Обсуждение: Incorrect estimation of HashJoin rows resulted from inaccurate small table statistics

Поиск
Список
Период
Сортировка

Incorrect estimation of HashJoin rows resulted from inaccurate small table statistics

От
Quan Zongliang
Дата:
We have a small table with only 23 rows and 21 values.

The resulting MCV and histogram is as follows
stanumbers1 | {0.08695652,0.08695652}
stavalues1  | {v1,v2}
stavalues2  | 
{v3,v4,v5,v6,v7,v8,v9,v10,v11,v12,v13,v14,v15,v16,v17,v18,v19,v20,v21}

An incorrect number of rows was estimated when HashJoin was done with 
another large table (about 2 million rows).

Hash Join  (cost=1.52..92414.61 rows=2035023 width=0) (actual 
time=1.943..1528.983 rows=3902 loops=1)

The reason is that the MCV of the small table excludes values with rows 
of 1. Put them in the MCV in the statistics to get the correct result.

Using the conservative samplerows <= attstattarget doesn't completely 
solve this problem.

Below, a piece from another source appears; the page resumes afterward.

(* Let $G=\langle g\rangle$ be cyclic of prime order $p$ and $B=\mathcal{O}G$. Then: (1) Every $I\in\operatorname{PI}(B)$ has homogeneous sign, i.e. either $I(\chi)\in\operatorname{Irr}(B)$ for all $\chi\in\operatorname{Irr}(B)$, or $-I(\chi)\in\operatorname{Irr}(B)$ for all $\chi\in\operatorname{Irr}(B)$. (2) Every $I\in\operatorname{PI}(B)$ with all-positive sign (i.e. $I(\chi)\in\operatorname{Irr}(B)$ for all $\chi\in\operatorname{Irr}(B)$) is a composition of isometries of the forms $I_\lambda$ ($\lambda\in\operatorname{Irr}(B)$) and $I_\sigma$ ($\sigma\in\operatorname{Aut}(G)$). (3) $\operatorname{PI}(B)\cong (G\rtimes\operatorname{Aut}(G))\times\langle -\mathrm{id}\rangle$, where $\langle-\mathrm{id}\rangle$ is cyclic of order 2 and $\operatorname{Aut}(G)$ acts naturally on $G$.
   Context: Let $p$ be a prime, $\zeta$ a primitive $p$-th root of unity, $K=\mathbb{Q}_p(\zeta)$, $\mathcal{O}=\mathbb{Z}_p[\zeta]$. Let $G=\langle g\rangle$ be cyclic of order $p$; $B=\mathcal{O}G$ is its unique block and $\operatorname{Irr}(B)=\{\chi_0,\dots,\chi_{p-1}\}$ with $\chi_a(g^b)=\zeta^{ab}$. $R_K(B)$ is the free abelian group on $\operatorname{Irr}(B)$ with inner product $\langle\alpha,\beta\rangle=\frac1p\sum_{x\in G}\alpha(x)\beta(x^{-1})$. For a linear map $I:R_K(B)\to R_K(B)$ put $\mu_I(x,y)=\sum_{\chi\in\operatorname{Irr}(B)}I(\chi)(x)\chi(y)$, a generalized character of $G\times G$. A generalized character $\mu$ of $G\times G$ is perfect if (i) $\mu(x,y)/|C_G(x)|\in\mathcal{O}$ and $\mu(x,y)/|C_G(y)|\in\mathcal{O}$ for all $x,y$ (here $|C_G(x)|=p$); (ii) whenever $\mu(x,y)\ne0$, $x$ is $p$-regular (i.e. $x=1$) iff $y$ is $p$-regular. A perfect isometry of $R_K(B)$ is a bijective linear isometry $I$ of $R_K(B)$ with $\mu_I$ perfect; $\operatorname{PI}(B)$ is the group of these under composition. For $\lambda\in\operatorname{Irr}(B)$, $I_\lambda$ is the linear map with $I_\lambda(\chi)=\lambda\chi$ (pointwise product) for $\chi\in\operatorname{Irr}(B)$. For $\sigma\in\operatorname{Aut}(G)$, $I_\sigma$ is the linear map with $I_\sigma(\chi)=\chi^\sigma$, where $\chi^\sigma(h)=\chi(h^{\sigma^{-1}})$. *)

theory Defs
  imports Complex_Main "HOL-Computational_Algebra.Primes" "HOL-Algebra.Group"
begin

It can solve this case.

After modification we get statistics without histogram:
stanumbers1 | {0.08695652,0.08695652,0.04347826,0.04347826, ... }
stavalues1  | {v,v2, ... }

And we have the right estimates:
Hash Join  (cost=1.52..72100.69 rows=3631 width=0) (actual 
time=1.447..1268.385 rows=3902 loops=1)


Regards,

--
Quan Zongliang
Beijing Vastdata Co., LTD
Вложения

Re: Incorrect estimation of HashJoin rows resulted from inaccurate small table statistics

От
Tomas Vondra
Дата:

On 6/16/23 11:25, Quan Zongliang wrote:
> 
> We have a small table with only 23 rows and 21 values.
> 
> The resulting MCV and histogram is as follows
> stanumbers1 | {0.08695652,0.08695652}
> stavalues1  | {v1,v2}
> stavalues2  |
> {v3,v4,v5,v6,v7,v8,v9,v10,v11,v12,v13,v14,v15,v16,v17,v18,v19,v20,v21}
> 
> An incorrect number of rows was estimated when HashJoin was done with
> another large table (about 2 million rows).
> 
> Hash Join  (cost=1.52..92414.61 rows=2035023 width=0) (actual
> time=1.943..1528.983 rows=3902 loops=1)
> 

That's interesting. I wonder how come the estimate gets this bad simply
by skipping values entries with a single row in the sample, which means
we know the per-value selectivity pretty well.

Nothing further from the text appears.